Founders often identify market opportunities for their inventions virtually everywhere. “This new product can help every consumer and every business everywhere,” is not likely to be an effective marketing and sales strategy. I have learned that it is generally better to start with an innovation for a limited market (i.e., a group of people with a problem) and then work backwards to invent products to execute. 

My kids must certainly be tired of hearing this piece of advice from me: In life, there are only two things that you will ever work on. You will either work on things or you will work on people. Most of our founders arrive at our door with incredible technical talents. They have studied and worked with electrons, molecules, algorithms and polymers. They elaborate on professional and academic experiences in which they developed and invented and hacked their way to breakthrough technologies. But these are all things — things that can be examined and manipulated in environments controlled for all sorts of factors like temperature, moisture, vibration and pressure.

Things are not people. People do not behave like things. You can set a chemical reaction into motion, control the environment, and time and time again, get the same result.
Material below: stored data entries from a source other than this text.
lemma binomial_odd_middle_le: "(2 * m + 1) choose m \<le> 4 ^ m"
proof -
  have "((2*m+1) choose m) + ((2*m+1) choose (m+1)) = (\<Sum>k\<in>{m, m+1}. (2*m+1) choose k)"
    by simp
  also have "\<dots> \<le> (\<Sum>k\<le>2*m+1. (2*m+1) choose k)"
    by (intro sum_mono2) auto
  also have "\<dots> = 2 ^ (2*m+1)"
    by (rule choose_row_sum)
  also have "\<dots> = 2 * 4 ^ m"
    by (simp add: power_mult)
  finally show ?thesis
    using binomial_symmetric[of m "2*m+1"] by simp
qed

lemma prod_primes_between_le: "\<Prod>{p. prime p \<and> m + 1 < p \<and> p \<le> 2 * m + 1} \<le> 4 ^ m"
proof -
  define S where "S = {p. prime p \<and> m + 1 < p \<and> p \<le> 2 * m + 1}"
  have "\<Prod>S dvd \<Prod>{1..2*m+1}"
    by (rule prod_dvd_prod_subset) (auto simp: S_def prime_gt_0_nat Suc_leI)
  also have "\<dots> = fact m * fact (m + 1) * ((2*m+1) choose m)"
    using binomial_fact_lemma[of m "2*m+1"] by (simp add: fact_prod)
  finally have "\<Prod>S dvd fact m * fact (m + 1) * ((2*m+1) choose m)" .
  moreover have "coprime (\<Prod>S) (fact m * fact (m + 1))"
  proof (rule prod_coprime_left)
    fix p assume "p \<in> S"
    then have "prime p" and "m + 1 < p"
      by (auto simp: S_def)
    then have "\<not> p dvd fact m * fact (m + 1)"
      by (auto simp only: prime_dvd_mult_iff prime_dvd_fact_iff)
    with \<open>prime p\<close> show "coprime p (fact m * fact (m + 1))"
      by (rule prime_imp_coprime)
  qed
  ultimately have "\<Prod>S dvd (2*m+1) choose m"
    by (metis coprime_dvd_mult_right_iff mult.commute)
  then have "\<Prod>S \<le> (2*m+1) choose m"
    by (rule dvd_imp_le) (simp add: zero_less_binomial)
  also have "\<dots> \<le> 4 ^ m"
    by (rule binomial_odd_middle_le)
  finally show ?thesis
    unfolding S_def .
qed
lemma long_steps_eq_UN: "long_steps M = (\<Union>t\<in>long_starts M. {t..<excursion_end t})"
proof safe
  fix j assume "j \<in> long_steps M"
  then show "j \<in> (\<Union>t\<in>long_starts M. {t..<excursion_end t})"
    using excursion_start_spec(1,2)[of j] excursion_end_excursion_start[of j] excursion_end_spec(1)[of j]
    unfolding long_steps_def long_starts_def
    by (intro UN_I[of "excursion_start j"]) auto
next
  fix t j assume "t \<in> long_starts M" "j \<in> {t..<excursion_end t}"
  then show "j \<in> long_steps M"
    using excursion_of_start[of t j] excursion_end_le[of t]
    unfolding long_steps_def long_starts_def by auto
qed

lemma excursions_disjoint:
  assumes "t \<in> long_starts M" "t' \<in> long_starts M" "t \<noteq> t'"
  shows "{t..<excursion_end t} \<inter> {t'..<excursion_end t'} = {}"
proof -
  have disj: "{a..<excursion_end a} \<inter> {b..<excursion_end b} = {}" if "a < b" "active b = {}" for a b
    using excursion_end_spec(3)[of a b] that by auto
  show ?thesis
  proof (cases "t < t'")
    case True
    then show ?thesis using disj[of t t'] assms(2) by (simp add: long_starts_def)
  next
    case False
    then have "t' < t" using assms(3) by simp
    then show ?thesis using disj[of t' t] assms(1) by (subst Int_commute) (simp add: long_starts_def)
  qed
qed

lemma finite_long_starts: "finite (long_starts M)"
  unfolding long_starts_def by simp

lemma card_long_steps: "card (long_steps M) = (\<Sum>t\<in>long_starts M. excursion_end t - t)"
proof -
  have "card (\<Union>t\<in>long_starts M. {t..<excursion_end t})
      = (\<Sum>t\<in>long_starts M. card {t..<excursion_end t})"
    by (rule card_UN_disjoint) (use finite_long_starts excursions_disjoint in blast)+
  then show ?thesis by (simp add: long_steps_eq_UN)
qed

lemma card_long_starts_le: "(M + 1) * card (long_starts M) \<le> card (long_steps M)"
proof -
  have "(\<Sum>t\<in>long_starts M. M + 1) \<le> (\<Sum>t\<in>long_starts M. excursion_end t - t)"
    by (intro sum_mono) (auto simp: long_starts_def)
  then show ?thesis by (simp add: card_long_steps mult.commute)
qed

text \<open>Along an excursion each step but the first explores an active vertex, so the increments
  telescope against the number of active vertices.\<close>

lemma sum_X_excursion:
  assumes "active t = {}"
  shows "(\<Sum>j\<in>{t..<excursion_end t}. X j) = excursion_end t - t - 1"
proof -
  have "k \<le> excursion_end t \<longrightarrow> (\<Sum>j\<in>{t..<k}. X j) = card (active k) + (k - t - 1)"
    if "Suc t \<le> k" for k
    using that
  proof (induction k rule: dec_induct)
    case base
    then show ?case using card_active_Suc[of t] assms by simp
  next
    case (step k)
    show ?case
    proof
      assume le: "Suc k \<le> excursion_end t"
      then have "active k \<noteq> {}" using excursion_end_spec(3)[of t k] step(1) by simp
      then have "card (active (Suc k)) + 1 = card (active k) + X k" using card_active_Suc[of k] by simp
      moreover have "(\<Sum>j\<in>{t..<Suc k}. X j) = (\<Sum>j\<in>{t..<k}. X j) + X k"
        using step(1) by simp
      ultimately show "(\<Sum>j\<in>{t..<Suc k}. X j) = card (active (Suc k)) + (Suc k - t - 1)"
        using step(1,3) le by simp
    qed
  qed
  from this[of "excursion_end t"] show ?thesis
    using excursion_end_spec(1,2)[of t] by (simp add: Suc_le_eq)
qed

lemma sum_X_long_steps:
  "(\<Sum>j\<in>long_steps M. X j) + card (long_starts M) = card (long_steps M)"
proof -
  have "(\<Sum>j\<in>long_steps M. X j) = (\<Sum>t\<in>long_starts M. \<Sum>j\<in>{t..<excursion_end t}. X j)"
    unfolding long_steps_eq_UN
    by (rule sum.UNION_disjoint) (use finite_long_starts excursions_disjoint in blast)+
  also have "\<dots> = (\<Sum>t\<in>long_starts M. excursion_end t - t - 1)"
    by (intro sum.cong) (auto simp: long_starts_def sum_X_excursion)
  moreover have "(\<Sum>t\<in>long_starts M. excursion_end t - t - 1) + card (long_starts M)
      = (\<Sum>t\<in>long_starts M. excursion_end t - t)"
    unfolding card_eq_sum sum.distrib[symmetric]
    by (intro sum.cong refl) (simp add: Suc_diff_Suc excursion_end_spec(1))
  ultimately show ?thesis by (simp add: card_long_steps)
qed

lemma card_boundary_long_steps:
  "card (boundary n (long_steps M)) \<le> 2 * card (long_starts M)"
proof -
  have "card (boundary n (long_steps M)) \<le> card (long_starts M \<union> excursion_end ` long_starts M)"
    unfolding long_steps_eq_UN
    by (intro card_mono boundary_UN_intervals_subset) (simp add: finite_long_starts)
  also have "\<dots> \<le> card (long_starts M) + card (excursion_end ` long_starts M)"
    by (rule card_Un_le)
  also have "\<dots> \<le> 2 * card (long_starts M)"
    using card_image_le[OF finite_long_starts] by simp
  finally show ?thesis .
qed

lemma card_boundary_long_steps_le:
  "(M + 1) * card (boundary n (long_steps M)) \<le> 2 * card (long_steps M)"
proof -
  have "(M + 1) * card (boundary n (long_steps M)) \<le> (M + 1) * (2 * card (long_starts M))"
    by (rule mult_le_mono2[OF card_boundary_long_steps])
  with card_long_starts_le[of M] show ?thesis by linarith
qed

lemma sum_X_long_steps_ge:
  "real M * card (long_steps M) \<le> real (M + 1) * (\<Sum>j\<in>long_steps M. real (X j))"
proof -
  have sum_eq: "(\<Sum>j\<in>long_steps M. real (X j)) = real (card (long_steps M)) - real (card (long_starts M))"
    using arg_cong[OF sum_X_long_steps, of real, where M1=M] by simp
  have "real M * card (long_steps M) = real (M + 1) * card (long_steps M) - card (long_steps M)"
    by (simp add: algebra_simps)
  also have "\<dots> \<le> real (M + 1) * card (long_steps M) - real (M + 1) * card (long_starts M)"
    using card_long_starts_le[of M] by (metis diff_left_mono of_nat_le_iff of_nat_mult)
  also have "\<dots> = real (M + 1) * (\<Sum>j\<in>long_steps M. real (X j))"
    unfolding sum_eq by (simp add: right_diff_distrib)
  finally show ?thesis .
qed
However, selling, hiring, negotiating and purchasing do not occur in a controlled environment. Entrepreneurship is all about the uncontrolled environment of people. Co-founders, key first employees, suppliers, investors and customers are essential. Often in the case of customers and investors, you’re actually dealing with groups of collaborating people, adding another layer of complexity.

A great tech company absolutely needs a great product and a team that knows how to invent things, but to significantly increase your chances of success, you and your co-founding team need to know how to innovate for people.